Briefly, the far-field and near-field 3D scene points in object space forms a near focus and far focus image points in the image space, as shown in Fig. 3(a) and 3(b), respectively. The actual positions of the above spaces are dependent on four parameters, namely (1) focal length, $f$ (2) sensor sensitivity, (3) aperture type with diameter, $d_{a}$ , and (4) focus distance from the camera. In any camera system, rigid lens and sensor parameters would get frozen to constant value while manufacturing. Among the latter two parameters, we can consider the choice for shallow or deep DoF using camera to object distance, whereas aperture type and diameter $d_{a}$ are pre-configured since we are using MCA.

On noting the above pre-configurations of many parameters, for shallow DoF range, the relationship is deduced for inter-depths between objects in the 3D scene as computed inter-depths between corresponding two MPIs for non-transparent and non-speculative 3D objects at the stationary position while imaging for optical setup shown in Fig. 3(b). These configurations in the imaging optics yield the following characteristics when we look at both object space to image space together.
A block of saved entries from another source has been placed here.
(* Let $k \geqslant 2$, $\ell \geqslant 0$, and let $A$ and $N$ be as defined in the context. Then $A$ accepts the string $a_1 a_2 \cdots a_{N-1}$.
   Context: A 2DFA $(\Sigma, Q, q_0, \delta, F)$: $\Sigma$ is a finite alphabet not containing end-markers $\vdash, \dashv$; $Q$ finite set of states; $q_0 \in Q$ initial; $\delta: Q \times (\Sigma \cup \{\vdash,\dashv\}) \to Q \times \{-1,+1\}$ partial; $F \subseteq Q$ accepting. On input $w = b_1\cdots b_m$ it works on tape $\vdash b_1 \cdots b_m \dashv$, starting at $\vdash$ in $q_0$; if $\delta(q,c)=(r,d)$ it enters $r$ and moves one cell in direction $d$; if undefined it rejects; it accepts if it ever arrives at $\dashv$ in a state of $F$; it may loop. Construction of $A$. Fix $k \geqslant 2$, $\ell \geqslant 0$, $Q^+ = \{1, \ldots, k\}$, $Q^- = \{1', \ldots, \ell'\}$, ordered by $i < j$ and $i' < j'$ iff $i < j$. A pair is $(P,R)$ with $P \subseteq Q^-$, $R \subseteq Q^+$, $|R| = |P|+1$. Writing $P = \{p_1 < \cdots < p_m\}$ and $R = \{r_1 < \cdots < r_{m+1}\}$, the sequence of the pair is the integer sequence $(r_1, -p_1, r_2, -p_2, \ldots, r_m, -p_m, r_{m+1})$, where a primed state $i'$ contributes the integer $i$ (so $-p_j$ for $p_j = i'$ is the integer $-i$). Pairs are ordered by the lexicographic order of their sequences (a proper prefix is smaller). Let $N = \binom{k+\ell}{\ell+1}$ be the number of pairs and enumerate them increasingly as $(P^{(1)},R^{(1)}) < \cdots < (P^{(N)},R^{(N)})$, with $P^{(i)} = \{p^{(i)}_1 < \cdots < p^{(i)}_{m_i}\}$ and $R^{(i)} = \{r^{(i)}_1 < \cdots < r^{(i)}_{m_i+1}\}$; in particular $(P^{(1)},R^{(1)}) = (\emptyset,\{1\})$ and $(P^{(N)},R^{(N)}) = (\emptyset,\{k\})$. The 2DFA $A$ has alphabet $\Sigma = \{a_1, \ldots, a_{N-1}\}$ (distinct symbols), states $Q = Q^+ \cup Q^-$, initial state $q_0 = 1$, accepting states $F = \{k\}$, and exactly the following transitions: $\delta(1, \vdash) = (r^{(1)}_1, +1)$; and for each $i \in \{1,\ldots,N-1\}$: $\delta(r^{(i)}_j, a_i) = (p^{(i)}_j, -1)$ for $j = 1, \ldots, m_i$; $\delta(r^{(i)}_{m_i+1}, a_i) = (r^{(i+1)}_1, +1)$; $\delta(p^{(i+1)}_j, a_i) = (r^{(i+1)}_{j+1}, +1)$ for $j = 1, \ldots, m_{i+1}$. No transitions are defined at $\dashv$. *)

theory Defs
  imports Main
begin

datatype 's tsym = LMark | RMark | Letter 's

datatype dir = MoveL | MoveR

record ('q, 's) tdfa =
  tdelta :: "'q \<Rightarrow> 's tsym \<Rightarrow> ('q \<times> dir) option"
  tinit  :: "'q"
  tacc   :: "'q set"

definition tape :: "'s list \<Rightarrow> int \<Rightarrow> 's tsym option" where
  "tape w p = (if p = 0 then Some LMark
               else if p = int (length w) + 1 then Some RMark
               else if 1 \<le> p \<and> p \<le> int (length w) then Some (Letter (w ! nat (p - 1)))
               else None)"

definition dir_val :: "dir \<Rightarrow> int" where
  "dir_val d = (case d of MoveL \<Rightarrow> -1 | MoveR \<Rightarrow> 1)"

text \<open>One computation step on configurations (state, head position); \<open>None\<close> = halt/reject.\<close>
definition tstep :: "('q, 's, 'z) tdfa_scheme \<Rightarrow> 's list \<Rightarrow> 'q \<times> int \<Rightarrow> ('q \<times> int) option" where
  "tstep M w c = (case tape w (snd c) of
      None \<Rightarrow> None
    | Some a \<Rightarrow> (case tdelta M (fst c) a of
        None \<Rightarrow> None
      | Some (r, d) \<Rightarrow> Some (r, snd c + dir_val d)))"

definition trun :: "('q, 's, 'z) tdfa_scheme \<Rightarrow> 's list \<Rightarrow> nat \<Rightarrow> ('q \<times> int) option" where
  "trun M w n = ((\<lambda>c. Option.bind c (tstep M w)) ^^ n) (Some (tinit M, 0))"

definition taccepts :: "('q, 's, 'z) tdfa_scheme \<Rightarrow> 's list \<Rightarrow> bool" where
  "taccepts M w \<longleftrightarrow> (\<exists>n q. trun M w n = Some (q, int (length w) + 1) \<and> q \<in> tacc M)"

text \<open>States: \<open>Inl i\<close> is the state \<open>i \<in> Q\<^sup>+\<close>, \<open>Inr i\<close> is the primed state \<open>i' \<in> Q\<^sup>-\<close>.
  A pair \<open>(P,R)\<close> is represented by the sets of indices \<open>P \<subseteq> {1..\<ell>}\<close>, \<open>R \<subseteq> {1..k}\<close>.\<close>
definition pairs :: "nat \<Rightarrow> nat \<Rightarrow> (nat set \<times> nat set) set" where
  "pairs k l = {(P, R). P \<subseteq> {1..l} \<and> R \<subseteq> {1..k} \<and> card R = card P + 1}"

fun interleave :: "int list \<Rightarrow> int list \<Rightarrow> int list" where
  "interleave (r # rs) (p # ps) = r # p # interleave rs ps"
| "interleave rs [] = rs"
| "interleave [] ps = ps"

definition pair_seq :: "nat set \<times> nat set \<Rightarrow> int list" where
  "pair_seq pr = interleave (map int (sorted_list_of_set (snd pr)))
                            (map (\<lambda>p. - int p) (sorted_list_of_set (fst pr)))"

text \<open>Lexicographic order on sequences (a proper prefix is smaller).\<close>
definition pair_less :: "nat set \<times> nat set \<Rightarrow> nat set \<times> nat set \<Rightarrow> bool" where
  "pair_less a b \<longleftrightarrow> (pair_seq a, pair_seq b) \<in> lexord {(x, y). x < (y::int)}"

definition numPairs :: "nat \<Rightarrow> nat \<Rightarrow> nat" where
  "numPairs k l = card (pairs k l)"

text \<open>The \<open>i\<close>-th pair in increasing order (1-indexed).\<close>
definition pairI :: "nat \<Rightarrow> nat \<Rightarrow> nat \<Rightarrow> nat set \<times> nat set" where
  "pairI k l i = (THE pr. pr \<in> pairs k l \<and> card {q \<in> pairs k l. pair_less q pr} = i - 1)"

definition mI :: "nat \<Rightarrow> nat \<Rightarrow> nat \<Rightarrow> nat" where
  "mI k l i = card (fst (pairI k l i))"

definition rI :: "nat \<Rightarrow> nat \<Rightarrow> nat \<Rightarrow> nat \<Rightarrow> nat" where
  "rI k l i j = sorted_list_of_set (snd (pairI k l i)) ! (j - 1)"

definition pI :: "nat \<Rightarrow> nat \<Rightarrow> nat \<Rightarrow> nat \<Rightarrow> nat" where
  "pI k l i j = sorted_list_of_set (fst (pairI k l i)) ! (j - 1)"

text \<open>The transitions of \<open>A\<close>, listed as a relation; the letter \<open>a\<^sub>i\<close> is \<open>Letter i\<close>.\<close>
definition Atrans :: "nat \<Rightarrow> nat \<Rightarrow> nat + nat \<Rightarrow> nat tsym \<Rightarrow> (nat + nat) \<times> dir \<Rightarrow> bool" where
  "Atrans k l q c t \<longleftrightarrow>
     (q = Inl 1 \<and> c = LMark \<and> t = (Inl (rI k l 1 1), MoveR)) \<or>
     (\<exists>i \<in> {1..numPairs k l - 1}. c = Letter i \<and>
        ((\<exists>j \<in> {1..mI k l i}. q = Inl (rI k l i j) \<and> t = (Inr (pI k l i j), MoveL)) \<or>
         (q = Inl (rI k l i (mI k l i + 1)) \<and> t = (Inl (rI k l (i + 1) 1), MoveR)) \<or>
         (\<exists>j \<in> {1..mI k l (i + 1)}. q = Inr (pI k l (i + 1) j) \<and>
                                     t = (Inl (rI k l (i + 1) (j + 1)), MoveR))))"

definition Adelta :: "nat \<Rightarrow> nat \<Rightarrow> nat + nat \<Rightarrow> nat tsym \<Rightarrow> ((nat + nat) \<times> dir) option" where
  "Adelta k l q c = (if \<exists>t. Atrans k l q c t then Some (SOME t. Atrans k l q c t) else None)"

definition autA :: "nat \<Rightarrow> nat \<Rightarrow> (nat + nat, nat) tdfa" where
  "autA k l = \<lparr> tdelta = Adelta k l, tinit = Inl 1, tacc = {Inl k} \<rparr>"

end

theory Submission
  imports Defs "HOL-Library.List_Lexorder"
begin

(* The input a_1 ... a_(N-1) is scanned from left to right. The head enters a_i in state
   r^(i)_1 and zigzags between a_i and a_(i-1) through r^(i)_1, p^(i)_1, r^(i)_2, ...,
   p^(i)_(m_i), r^(i)_(m_i+1); this last state moves on to a_(i+1) in state r^(i+1)_1.
   The listed transitions never conflict, because for fixed i the states r^(i)_j, and
   likewise the p^(i)_j, are distinct for distinct j; so this is the run of A. The least
   pair ({},{1}) has m_1 = 0, so the head never zigzags back onto |- , and the greatest
   pair ({},{k}) lets it arrive at -| in state r^(N)_1 = k. *)

lemma ex1_rank:
  fixes lt :: "'a \<Rightarrow> 'a \<Rightarrow> bool"
  assumes "finite S" and "i < card S"
    and irrefl: "\<And>x. \<not> lt x x"
    and transitive: "\<And>x y z. lt x y \<Longrightarrow> lt y z \<Longrightarrow> lt x z"
    and total: "\<And>x y. x \<in> S \<Longrightarrow> y \<in> S \<Longrightarrow> x \<noteq> y \<Longrightarrow> lt x y \<or> lt y x"
  shows "\<exists>!x. x \<in> S \<and> card {y \<in> S. lt y x} = i"
proof -
  define rank where "rank x = card {y \<in> S. lt y x}" for x
  have rank_less: "rank x < rank y" if "x \<in> S" "lt x y" for x y
  proof -
    have "{z \<in> S. lt z x} \<subset> {z \<in> S. lt z y}"
      using that irrefl transitive by blast
    then show ?thesis
      unfolding rank_def using \<open>finite S\<close> by (simp add: psubset_card_mono)
  qed
  have inj: "inj_on rank S"
  proof (rule inj_onI, rule ccontr)
    fix x y
    assume "x \<in> S" "y \<in> S" "rank x = rank y" "x \<noteq> y"
    then show False
      using total[of x y] rank_less[of x y] rank_less[of y x] by auto
  qed
  have "rank x < card S" if "x \<in> S" for x
  proof -
    have "{y \<in> S. lt y x} \<subseteq> S - {x}"
      using irrefl by blast
    then have "rank x \<le> card (S - {x})"
      unfolding rank_def using \<open>finite S\<close> by (simp add: card_mono)
    also have "\<dots> < card S"
      using \<open>finite S\<close> that by (rule card_Diff1_less)
    finally show ?thesis .
  qed
  then have "rank ` S = {..<card S}"
    using inj by (intro card_subset_eq) (auto simp: card_image)
  then have "i \<in> rank ` S"
    using \<open>i < card S\<close> by simp
  then obtain x where "x \<in> S" "rank x = i"
    by blast
  with inj show ?thesis
    unfolding rank_def inj_on_def by blast
qed

lemma finite_pairs: "finite (pairs k l)"
proof (rule finite_subset)
  show "pairs k l \<subseteq> Pow {1..l} \<times> Pow {1..k}"
    unfolding pairs_def by auto
qed simp

lemma pairsD:
  assumes "(P, R) \<in> pairs k l"
  shows "finite P" "finite R" "P \<subseteq> {1..l}" "R \<subseteq> {1..k}" "card R = card P + 1"
  using assms unfolding pairs_def by (auto intro: finite_subset)

lemma set_interleave: "set (interleave xs ys) = set xs \<union> set ys"
  by (induction xs ys rule: interleave.induct) auto

lemma pair_seq_determines_pair:
  assumes "(P, R) \<in> pairs k l"
  shows "R = {n. int n \<in> set (pair_seq (P, R))}"
    and "P = {n. - int n \<in> set (pair_seq (P, R))}"
proof -
  have "set (pair_seq (P, R)) = int ` R \<union> (\<lambda>p. - int p) ` P"
    using pairsD[OF assms] by (simp add: pair_seq_def set_interleave)
  moreover have "0 \<notin> R"
    using pairsD(4)[OF assms] by auto
  moreover have "int n \<noteq> - int p" if "p \<in> P" for n p
    using pairsD(3)[OF assms] that by fastforce
  moreover have "int r \<noteq> - int n" if "r \<in> R" for n r
    using pairsD(4)[OF assms] that by fastforce
  ultimately show "R = {n. int n \<in> set (pair_seq (P, R))}"
    and "P = {n. - int n \<in> set (pair_seq (P, R))}"
    by (auto simp: image_iff)
qed

lemma inj_on_pair_seq: "inj_on pair_seq (pairs k l)"
proof (rule inj_onI)
  fix a b
  assume "a \<in> pairs k l" "b \<in> pairs k l" "pair_seq a = pair_seq b"
  moreover obtain P R P' R' where "a = (P, R)" "b = (P', R')"
    by fastforce
  ultimately show "a = b"
    using pair_seq_determines_pair[of P R k l] pair_seq_determines_pair[of P' R' k l] by simp
qed

lemma pair_seq_Cons_Min:
  assumes "(P, R) \<in> pairs k l"
  shows "\<exists>rest. pair_seq (P, R) = int (Min R) # rest"
proof -
  have "R \<noteq> {}" "finite R"
    using pairsD[OF assms] by auto
  then have "sorted_list_of_set R = Min R # sorted_list_of_set (R - {Min R})"
    by (simp add: sorted_list_of_set_nonempty)
  then show ?thesis
    unfolding pair_seq_def by (cases "sorted_list_of_set P") auto
qed

lemma pair_seq_singleton: "pair_seq ({}, {r}) = [int r]"
  by (simp add: pair_seq_def)

lemma pair_less_iff: "pair_less a b \<longleftrightarrow> pair_seq a < pair_seq b"
  by (simp add: pair_less_def list_less_def)

lemma ex1_pair_of_rank:
  assumes "i < numPairs k l"
  shows "\<exists>!x. x \<in> pairs k l \<and> card {y \<in> pairs k l. pair_less y x} = i"
proof (rule ex1_rank)
  show "pair_less x y \<or> pair_less y x" if "x \<in> pairs k l" "y \<in> pairs k l" "x \<noteq> y" for x y
  proof -
    have "pair_seq x \<noteq> pair_seq y"
      using that inj_on_pair_seq[of k l] by (auto dest: inj_onD)
    then show ?thesis
      unfolding pair_less_iff using neq_iff by blast
  qed
qed (use assms in \<open>auto simp: numPairs_def finite_pairs pair_less_iff\<close>)

lemma pairI_in_pairs:
  assumes "1 \<le> i" "i \<le> numPairs k l"
  shows "pairI k l i \<in> pairs k l"
proof -
  have "i - 1 < numPairs k l"
    using assms by simp
  from theI'[OF ex1_pair_of_rank[OF this]] show ?thesis
    unfolding pairI_def by simp
qed

lemma pairI_eqI:
  assumes "1 \<le> i" "i \<le> numPairs k l" "x \<in> pairs k l"
    and "card {y \<in> pairs k l. pair_less y x} = i - 1"
  shows "pairI k l i = x"
proof -
  have "i - 1 < numPairs k l"
    using assms by simp
  from the1_equality[OF ex1_pair_of_rank[OF this]] show ?thesis
    unfolding pairI_def using assms by simp
qed

lemma numPairs_pos:
  assumes "0 < k"
  shows "0 < numPairs k l"
proof -
  have "({}, {1}) \<in> pairs k l"
    using assms by (simp add: pairs_def)
  then show ?thesis
    unfolding numPairs_def using finite_pairs by (auto simp: card_gt_0_iff)
qed

lemma pairI_first:
  assumes "0 < k"
  shows "pairI k l 1 = ({}, {1})"
proof (rule pairI_eqI)
  have "\<not> pair_less (P, R) ({}, {1})" if "(P, R) \<in> pairs k l" for P R
  proof -
    have "R \<noteq> {}"
      using pairsD(2,5)[OF that] by auto
    then have "Min R \<in> R"
      using pairsD(2)[OF that] by simp
    then have "1 \<le> Min R"
      using pairsD(4)[OF that] by auto
    then show ?thesis
      using pair_seq_Cons_Min[OF that] by (auto simp: pair_less_iff pair_seq_singleton)
  qed
  then have "{y \<in> pairs k l. pair_less y ({}, {1})} = {}"
    by fastforce
  then show "card {y \<in> pairs k l. pair_less y ({}, {1})} = 1 - 1"
    by (simp only: card.empty diff_self)
qed (use assms numPairs_pos[OF assms, of l] in \<open>auto simp: pairs_def\<close>)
There exists a specific point on the DoFo zone in image space along the optical axis where the image sensor could be positioned to get a focused image points corresponding to a specific object surface belonging to the 3D scene in the DoF zone of the object space of the camera.
In any conventional camera, the 2D sensor is fixed at a distance $d_{ls}$ from lens to capture the focus image region for a specific shallow surface of the object in the 3D scene and many out-of-focus image regions due to varying size CoCs proportional to the points lying on the optical axis in DoF zone with reference to the focused surface for remaining objects in the 3D scene.
Though the width of the DoF space and DoFo space are not equal, and apart from being distributed unequally, for the above specific conditions in the camera setup, it is possible to know the corresponding far and near field points in DoF space to near and far focus points in DoFo space.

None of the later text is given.